The supervision mechanism enables data quality management when working with external data sources. As an analyst, you can correct erroneous values while the system maintains the original data and ensures that provider corrections automatically flow through.

The supervision workflow#

Consider a typical scenario: you receive daily market data from a provider. Sometimes this data contains errors that need immediate correction for your reports.

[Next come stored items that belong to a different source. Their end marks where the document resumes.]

theorem lemmaC1:
  fixes \<Omega> :: "(real^'n) set"
    and A :: "real^'n \<Rightarrow> complex^'n^'n"
    and b c :: "real^'n \<Rightarrow> complex^'n"
    and V :: "real^'n \<Rightarrow> real"
    and \<mu> M p q :: real
  assumes "open \<Omega>" and "\<Omega> \<noteq> {}"
    and "0 < \<mu>" and "\<mu> \<le> 1" and "0 < M"
    and hB: "classB \<mu> M \<Omega> A b c V"
    and "1 < p" and q_def: "q = p / (p - 1)"
  defines "Vm \<equiv> (\<lambda>(m::nat) x. min (V x) (real m))"
  shows
    "(\<forall>\<epsilon>. 0 < \<epsilon> \<and> \<epsilon> < \<mu> \<longrightarrow>
        (\<exists>m0::nat. \<forall>m::nat. m \<ge> 1 \<and> m \<ge> m0 \<longrightarrow> classB (\<mu> - \<epsilon>) M \<Omega> A b c (Vm m)))
   \<and> (classS p \<Omega> A b c V \<longrightarrow>
        (\<forall>\<epsilon>. 0 < \<epsilon> \<and> \<epsilon> < mu_s p \<Omega> A b c V \<longrightarrow>
           (\<exists>m0::nat. \<forall>m::nat. m \<ge> 1 \<and> m \<ge> m0 \<longrightarrow>
              classS p \<Omega> A b c (Vm m) \<and>
              mu_s p \<Omega> A b c (Vm m) \<ge> mu_s p \<Omega> A b c V - \<epsilon>))
        \<and> (\<lambda>m. mu_s p \<Omega> A b c (Vm m)) \<longlonglongrightarrow> mu_s p \<Omega> A b c V)
   \<and> (classS p \<Omega> A b c V \<and> classS q \<Omega> A b c V \<longrightarrow>
        (\<exists>m0::nat. \<forall>m::nat. m \<ge> 1 \<and> m \<ge> m0 \<longrightarrow> classBp p \<Omega> A b c (Vm m)))"
proof -
  have "\<exists>m0::nat. \<forall>m::nat. m \<ge> 1 \<and> m \<ge> m0 \<longrightarrow> classB (\<mu> - \<epsilon>) M \<Omega> A b c (Vm m)"
    if "0 < \<epsilon>" for \<epsilon>
    unfolding Vm_def using classB_truncate[OF hB \<open>0 < M\<close> that] by (rule eventually_at_top_imp_nat)
  moreover have "\<exists>m0::nat. \<forall>m::nat. m \<ge> 1 \<and> m \<ge> m0 \<longrightarrow>
                   classS p \<Omega> A b c (Vm m) \<and> mu_s p \<Omega> A b c (Vm m) \<ge> mu_s p \<Omega> A b c V - \<epsilon>"
    if "classS p \<Omega> A b c V" and "0 < \<epsilon>" for \<epsilon>
    unfolding Vm_def using classS_truncate_mu_s[OF \<open>open \<Omega>\<close> \<open>\<Omega> \<noteq> {}\<close> that]
    by (rule eventually_at_top_imp_nat)
  moreover have "(\<lambda>m. mu_s p \<Omega> A b c (Vm m)) \<longlonglongrightarrow> mu_s p \<Omega> A b c V"
    if "classS p \<Omega> A b c V"
    unfolding Vm_def
    using mu_s_truncate_tendsto[OF \<open>open \<Omega>\<close> \<open>\<Omega> \<noteq> {}\<close> that] filterlim_real_sequentially
    by (rule filterlim_compose)
  moreover have "\<exists>m0::nat. \<forall>m::nat. m \<ge> 1 \<and> m \<ge> m0 \<longrightarrow> classBp p \<Omega> A b c (Vm m)"
    if "classS p \<Omega> A b c V" and "classS q \<Omega> A b c V"
  proof -
    from classS_truncate[OF that(1)] classS_truncate[OF that(2)]
    have "\<forall>\<^sub>F m in at_top. classBp p \<Omega> A b c (\<lambda>x. min (V x) m)"
      by eventually_elim (simp add: classBp_def q_def)
    then show ?thesis
      unfolding Vm_def by (rule eventually_at_top_imp_nat)
  qed
  ultimately show ?thesis
    by blast
qed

The supervision system allows you to:

  1. Apply manual corrections to fix errors immediately

  2. Continue receiving updates from the provider

  3. Have provider corrections automatically replace your manual fixes

  4. Maintain full audit trail of all changes

Making manual corrections#

Manual corrections can be applied in three ways:

>>> corrected_values = pd.Series([95.5, 96.0],
...                              index=[pd.Timestamp('2023-03-15'),
...                                     pd.Timestamp('2023-03-16')])
>>> tsa.update('market-prices', corrected_values, 'analyst@corp.com', manual=True)

The same manual corrections can be made through the web interface (tsview) or the Excel client - both automatically use manual=True when you edit values.

Your corrections appear immediately in the data. When the provider later sends corrected data through the normal update process, their fixes automatically replace your manual corrections.

Viewing data provenance#

The .edited method shows you which values are original versus manually edited:

>>> series, markers = tsa.edited('market-prices')

The returned series contains the current values, while markers is True where data was manually edited and False for provider data.

Understanding supervision status#

Every series has a supervision status in its metadata:

  • unsupervised: series updated only through normal updates (never with manual=True)

  • hand-crafted: series created and maintained entirely with manual updates (always with manual=True, whether from Python, Excel client, or web UI)

  • supervised: series containing both provider updates and manual corrections

This helps you quickly identify which series have manual interventions.

Supervision API Reference#

class mainsource(uri, namespace='tsh', tshclass=<class 'tshistory.tsio.timeseries'>, othersources=None)

API façade for the main source (talks directly to the storage)

The api documentation is carried by this object. The http client provides exactly the same methods.

Parameters:
  • uri (str)

  • namespace (str)

  • tshclass (type)

edited(name, revision_date=None, from_value_date=None, to_value_date=None, inferred_freq=False, _keep_nans=False)

Returns the base series and a second boolean series whose entries indicate if an override has been made or not.

Parameters:
  • name (str)

  • revision_date (Timestamp | None)

  • from_value_date (Timestamp | None)

  • to_value_date (Timestamp | None)

  • inferred_freq (bool | None)

  • _keep_nans (bool)

Return type:

Tuple[Series, Series]

supervision_status(name)

Returns the supervision status of a series. Possible values are unsupervised, handcrafted and supervised.

Parameters:

name (str)

Return type:

str